▶ Problem to solve
Copy each line from the entries that the word "forall" appears in.

▶ Provided records
(* The Hermitian $\mathcal E$-lattices $L=\Lambda\oplus H$ and $E_8^{\mathcal E}\oplus E_8^{\mathcal E}\oplus E_8^{\mathcal E}\oplus H$ are isometric.
   Context: Let $\omega=e^{2\pi i/3}$, $\mathcal E=\mathbb Z[\omega]$, $\theta=\omega-\bar\omega=\sqrt{-3}$; Hermitian forms are conjugate-linear in the first variable. Identify $\mathcal E/\theta\mathcal E=\mathbb F_3$. The complex Leech lattice $\Lambda\subset\mathcal E^{12}$ is the set of vectors $(m+\theta c_i+3z_i)_{i=1}^{12}$ with $m\in\{0,1,-1\}$, $c=(c_i)\in\{0,\pm1\}^{12}$ reducing mod $\theta$ to a codeword of the ternary Golay code $\mathcal C_{12}$, $z_i\in\mathcal E$ and $\sum_i z_i\equiv m\pmod\theta$; here $\mathcal C_{12}\subset\mathbb F_3^{12}$ has generator matrix $[I_6\mid A]$ with rows of $A$ equal to $(0,1,1,1,1,1)$, $(-1,0,1,-1,-1,1)$, $(-1,1,0,1,-1,-1)$, $(-1,-1,1,0,1,-1)$, $(-1,-1,-1,1,0,1)$, $(-1,1,-1,-1,1,0)$. The form on $\Lambda$ is $\langle u,v\rangle=-\frac13\sum\bar u_iv_i$. $H$ is $\mathcal E^2$ with $\langle u,v\rangle=u^*\begin{pmatrix}0&\bar\theta\\ \theta&0\end{pmatrix}v$. $L=\Lambda\oplus H$ (orthogonal direct sum). $E_8^{\mathcal E}=\{v\in\mathcal E^4: v\bmod\theta\in\mathcal C_4\}$ with $\langle u,v\rangle=-\sum\bar u_iv_i$, where the tetracode $\mathcal C_4\subset\mathbb F_3^4$ is spanned by $(1,1,-1,0)$ and $(0,1,1,1)$. *)

theory Defs
  imports Complex_Main
begin

definition omega :: complex where
  "omega = cis (2 * pi / 3)"

definition theta :: complex where
  "theta = omega - cnj omega"

definition Eis :: "complex set" where
  "Eis = {of_int a + of_int b * omega | a b. True}"

definition cong_theta :: "complex \<Rightarrow> complex \<Rightarrow> bool" where
  "cong_theta x y \<longleftrightarrow> (\<exists>e\<in>Eis. x - y = theta * e)"

definition Evecs :: "nat \<Rightarrow> complex list set" where
  "Evecs n = {v. length v = n \<and> set v \<subseteq> Eis}"

definition vadd :: "complex list \<Rightarrow> complex list \<Rightarrow> complex list" where
  "vadd u v = map2 (+) u v"

definition vscale :: "complex \<Rightarrow> complex list \<Rightarrow> complex list" where
  "vscale a v = map ((*) a) v"

definition std_herm :: "complex list \<Rightarrow> complex list \<Rightarrow> complex" where
  "std_herm u v = (\<Sum>i<length u. cnj (u ! i) * v ! i)"

section \<open>Codes over F_3 (entries represented by integers 0,1,2)\<close>

definition golayA :: "int list list" where
  "golayA = [[0,1,1,1,1,1], [-1,0,1,-1,-1,1], [-1,1,0,1,-1,-1],
             [-1,-1,1,0,1,-1], [-1,-1,-1,1,0,1], [-1,1,-1,-1,1,0]]"

text \<open>generator matrix [I_6 | A]\<close>
definition golayG :: "int list list" where
  "golayG = map (\<lambda>i. map (\<lambda>j. if j = i then 1 else 0) [0..<6] @ golayA ! i) [0..<6]"

definition golay12 :: "int list set" where
  "golay12 = {map (\<lambda>j. (\<Sum>i<6. a i * (golayG ! i ! j)) mod 3) [0..<12] | a. True}"

definition tetracode :: "int list set" where
  "tetracode = {map (\<lambda>j. (a * ([1,1,-1,0] ! j) + b * ([0,1,1,1] ! j)) mod 3) [0..<4] | a b. True}"

definition reduces_to :: "complex list \<Rightarrow> int list \<Rightarrow> bool" where
  "reduces_to v w \<longleftrightarrow> length v = length w \<and>
     (\<forall>i<length v. cong_theta (v ! i) (of_int (w ! i)))"

definition Leech :: "complex list set" where
  "Leech = {v. length v = 12 \<and>
     (\<exists>(m::int) (c::int list) (z::complex list).
        m \<in> {0, 1, -1} \<and> length c = 12 \<and> set c \<subseteq> {0, 1, -1} \<and>
        (\<exists>w\<in>golay12. reduces_to (map of_int c) w) \<and>
        z \<in> Evecs 12 \<and> cong_theta (sum_list z) (of_int m) \<and>
        (\<forall>i<12. v ! i = of_int m + theta * of_int (c ! i) + 3 * z ! i))}"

▶ Output
     (\<forall>i<length v. cong_theta (v ! i) (of_int (w ! i)))"
        (\<forall>i<12. v ! i = of_int m + theta * of_int (c ! i) + 3 * z ! i))}"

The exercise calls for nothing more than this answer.